Owing to their unique structural and electronic characteristics, MXenes are considered to be the most potential anode materials for Li-ion capacitors (LICs). However, the stacking of layers, which would inevitably lead to the reduction of active sites and the sluggish lithiation kinetics, highly inhibits their electrochemical performance. Herein, to overcome the stacking and simultaneously improve the reversible capacity and cycle stability of MXenes, a kind of Ti₃C₂ with Sn⁴⁺ intercalated between the layers and amorphous SnO₂ layer modified (AS-Ti₃C₂) is proposed. The intercalated Sn⁴⁺ between the layers not only could facilitate Li-ion diffusion kinetics by expanding the interlayer spacing but also provide additional capacity by interlayered-alloying reactions. Meanwhile, the in-situ formed amorphous SnO₂ modified layers could offer abundant channels for fast Li-ion diffusion and provide a new interface between electrolyte and electrode to lower the energy barrier for interfacial charge transfer. Benefit from the synergy effects of faster ion diffusion kinetics and lower charge transfer barrier, AS-Ti₃C₂ delivers much improved rate performance and enhanced cycle stability in Li-ion half-cells, maintaining 91.5% capacity retention (after 1500 cycles @2000 mA g^-1). Moreover, LICs assembled by AS-Ti₃C₂ anodes and activated carbon (AC) cathodes deliver superior electrochemical properties including long cycle life (82.1% after 4000 cycles @2000 mA g^-1), high energy (105.7 Wh kg^-1) and power (8000 W kg^-1) densities. Our findings reveal that the interlayered and interfacial co-modification is feasible to improve the properties of MXenes.

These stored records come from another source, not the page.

(* For $0<|q|<1$, \[ \frac{f_1^2f_4^2f_{10}^2}{qf_2^2f_5^2f_{20}^2} - \frac{f_2^4f_{20}^2}{f_4^2f_{10}^4} = \frac{f_1^3f_5}{qf_2f_{10}^3}. \]
   Context: For $m\in\mathbb{N}$ and $|q|<1$, $f_m:=\prod_{n\ge1}(1-q^{mn})$. *)

theory Defs
  imports "HOL-Analysis.Analysis"
begin

definition qf :: "nat \<Rightarrow> complex \<Rightarrow> complex" where
  "qf m q = (\<Prod>n. 1 - q ^ (m * Suc n))"

end

theory Submission
  imports Defs
begin

text \<open>
  By the Jacobi triple product, \<open>\<theta>(c) = \<Sum>\<^sub>n q\<^bsup>10 n(n-1)/2\<^esup> c\<^sup>n\<close> equals
  \<open>(-c; q\<^sup>10)\<^sub>\<infinity> (-q\<^sup>10/c; q\<^sup>10)\<^sub>\<infinity> f\<^sub>1\<^sub>0\<close>, and dissecting the products modulo \<open>q\<^sup>10\<close> turns
  the eta quotients of the identity into \<open>\<theta>(q\<^sup>2) \<theta>(q\<^sup>4)\<close>, \<open>\<theta>(q) \<theta>(q\<^sup>3)\<close>,
  \<open>\<theta>(-q) \<theta>(-q\<^sup>3)\<close> and \<open>\<theta>(-q\<^sup>5)\<close>.  The claim becomes
  \<open>(\<theta>(q\<^sup>2) \<theta>(q\<^sup>4))\<^sup>2 - q (\<theta>(q) \<theta>(q\<^sup>3))\<^sup>2 = \<theta>(-q) \<theta>(-q\<^sup>3) \<theta>(-q\<^sup>5)\<^sup>2\<close>,
  an instance of Weierstrass' three-term addition formula for theta functions.  That formula follows
  from the dissection of a product of two theta series along the parity of \<open>m + n\<close>:
  \<open>theta p a * theta p b = theta p' (a b) * theta p' (p a / b) + a * theta p' (p a b) * theta p' (p\<^sup>2 a / b)\<close>
  with \<open>p' = p\<^sup>2\<close>.  The triple product itself is the limit of its finite q-binomial form, the
  limit being justified by Tannery's theorem.
\<close>

section \<open>q-Pochhammer symbols\<close>

definition qpoch :: "complex \<Rightarrow> complex \<Rightarrow> complex" where
  "qpoch x r = (\<Prod>n. 1 - x * r ^ n)"

lemma qpoch_convergent_prod:
  fixes x r :: complex
  assumes "norm r < 1"
  shows "convergent_prod (\<lambda>n. 1 - x * r ^ n)"
proof -
  have "summable (\<lambda>n. norm x * norm r ^ n)"
    using assms by (intro summable_mult summable_geometric) auto
  moreover have "norm ((1 - x * r ^ n) - 1) = norm x * norm r ^ n" for n
    by (simp add: norm_mult norm_power)
  ultimately have "summable (\<lambda>n. norm ((1 - x * r ^ n) - 1))"
    by simp
  then show ?thesis
    by (intro abs_convergent_prod_imp_convergent_prod summable_imp_abs_convergent_prod)
qed

lemma qpoch_tendsto:
  assumes "norm r < 1"
  shows "(\<lambda>N. \<Prod>n<N. 1 - x * r ^ n) \<longlonglongrightarrow> qpoch x r"
proof -
  have "(\<lambda>N. \<Prod>n<Suc N. 1 - x * r ^ n) \<longlonglongrightarrow> qpoch x r"
    using convergent_prod_LIMSEQ[OF qpoch_convergent_prod[OF assms]]
    by (simp add: qpoch_def lessThan_Suc_atMost)
  then show ?thesis by (rule LIMSEQ_imp_Suc)
qed
definition transition :: "('m, 'n) chart \<Rightarrow> ('m, 'n) chart \<Rightarrow> real^'n \<Rightarrow> real^'n" where
  "transition c c' z = snd c' (chart_inv c z)"

definition smooth_atlas :: "('m::topological_space, 'n::finite) chart set \<Rightarrow> bool" where
  "smooth_atlas A \<longleftrightarrow>
     (\<forall>c\<in>A. open (fst c) \<and> inj_on (snd c) (fst c) \<and> open (chart_img c) \<and>
            continuous_on (fst c) (snd c) \<and> continuous_on (chart_img c) (chart_inv c)) \<and>
     (\<Union>c\<in>A. fst c) = UNIV \<and>
     (\<forall>c\<in>A. \<forall>c'\<in>A. \<forall>i. smooth_fun (snd c ` (fst c \<inter> fst c')) (\<lambda>z. transition c c' z $ i))"

text \<open>Jacobian of the transition from chart c to chart c' at the point z (coordinates of c):
  entry (i,a) is the partial derivative of the i-th coordinate of c' w.r.t. the a-th coordinate of c.\<close>

definition jac :: "('m, 'n::finite) chart \<Rightarrow> ('m, 'n) chart \<Rightarrow> real^'n \<Rightarrow> real^'n^'n" where
  "jac c c' z = (\<chi> i a. frechet_derivative (\<lambda>w. transition c c' w $ i) (at z) (axis a 1))"

text \<open>A splitting is given through its components in charts:
  eps c d p q $ i $ j = eps^i_j(x,y), i.e. eps^{p,q}(d/dx^j) = eps^i_j d/dy^i,
  where c = (U,x) contains p and d = (V,y) contains q.  The tangent-vector
  transformation law expresses that these are the components of one family
  of linear maps eps^{p,q} : T_pM -> T_qM.\<close>

definition eps_coord ::
  "(('m, 'n) chart \<Rightarrow> ('m, 'n) chart \<Rightarrow> 'm \<Rightarrow> 'm \<Rightarrow> real^'n^'n) \<Rightarrow>
   ('m, 'n) chart \<Rightarrow> ('m, 'n) chart \<Rightarrow> 'n \<Rightarrow> 'n \<Rightarrow> ((real^'n) \<times> (real^'n)) \<Rightarrow> real" where
  "eps_coord eps c d i j = (\<lambda>(x, y). eps c d (chart_inv c x) (chart_inv d y) $ i $ j)"

definition is_splitting ::
  "('m::topological_space, 'n::finite) chart set \<Rightarrow>
   (('m, 'n) chart \<Rightarrow> ('m, 'n) chart \<Rightarrow> 'm \<Rightarrow> 'm \<Rightarrow> real^'n^'n) \<Rightarrow> bool" where
  "is_splitting A eps \<longleftrightarrow>
     (\<forall>c\<in>A. \<forall>d\<in>A. \<forall>p\<in>fst c. \<forall>q\<in>fst d. invertible (eps c d p q)) \<and>
     (\<forall>c\<in>A. \<forall>p\<in>fst c. eps c c p p = mat 1) \<and>
     (\<forall>c\<in>A. \<forall>d\<in>A. \<forall>e\<in>A. \<forall>p\<in>fst c. \<forall>q\<in>fst d. \<forall>r\<in>fst e.
        eps d e q r ** eps c d p q = eps c e p r) \<and>
     (\<forall>c\<in>A. \<forall>c'\<in>A. \<forall>d\<in>A. \<forall>d'\<in>A. \<forall>p\<in>fst c \<inter> fst c'. \<forall>q\<in>fst d \<inter> fst d'.
        eps c' d' p q = jac d d' (snd d q) ** eps c d p q ** jac c' c (snd c' p)) \<and>
     (\<forall>c\<in>A. \<forall>d\<in>A. \<forall>i j. smooth_fun (chart_img c \<times> chart_img d) (eps_coord eps c d i j))"

definition dx :: "((real^'n) \<times> (real^'n) \<Rightarrow> real) \<Rightarrow> 'n::finite \<Rightarrow> (real^'n) \<times> (real^'n) \<Rightarrow> real" where
  "dx f k z = frechet_derivative f (at z) (axis k 1, 0)"

definition dy :: "((real^'n) \<times> (real^'n) \<Rightarrow> real) \<Rightarrow> 'n::finite \<Rightarrow> (real^'n) \<times> (real^'n) \<Rightarrow> real" where
  "dy f a z = frechet_derivative f (at z) (0, axis a 1)"

definition A_coeff where
  "A_coeff eps c d i k j z =
     dx (eps_coord eps c d i j) k z +
     (\<Sum>a\<in>UNIV. dy (eps_coord eps c d i j) a z * eps_coord eps c d a k z)"

definition curvR where
  "curvR eps c d i k j z = A_coeff eps c d i k j z - A_coeff eps c d i j k z"

definition flat where
  "flat A eps \<longleftrightarrow> (\<forall>c\<in>A. \<forall>d\<in>A. \<forall>x\<in>chart_img c. \<forall>y\<in>chart_img d. \<forall>i k j.
       curvR eps c d i k j (x, y) = 0)"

由于其独特的结构和电子特性，MXene被认为是锂离子电容器（LIC）最有潜力的阳极材料。然而，层的堆叠将不可避免地导致活性部位的减少和迟缓的锂化动力学，这极大地抑制了它们的电化学性能。在本文中，为了克服堆叠并且同时提高MXene的可逆容量和循环稳定性，提出了一种在层之间插入有Sn ⁴⁺的Ti ₃ C ₂和改性的非晶SnO ₂层（AS-Ti ₃ C ₂）。插层Sn ⁴⁺层之间的相互作用不仅可以通过扩大层间间距来促进锂离子扩散动力学，而且还可以通过层间合金化反应提供额外的容量。同时，原位形成的非晶态SnO ₂改性层可为快速的锂离子扩散提供丰富的通道，并在电解质和电极之间提供新的界面，从而降低界面电荷转移的能垒。得益于更快的离子扩散动力学和更低的电荷转移势垒的协同效应，AS-Ti ₃ C ₂大大提高了锂离子半电池的倍率性能并增强了循环稳定性，保持了91.5％的容量保持率（1500次@ 2000后） mA g ^-1）。此外，由AS-Ti ₃组装的LICC ₂阳极和活性炭（AC）阴极具有出色的电化学性能，包括长循环寿命（2000 mA g ^-1时，在4000次循环后为82.1％），高能量（105.7 Wh kg ^-1）和功率（8000 W kg ^-1）密度。我们的发现表明，层间和界面共改性对于改善MXene的性能是可行的。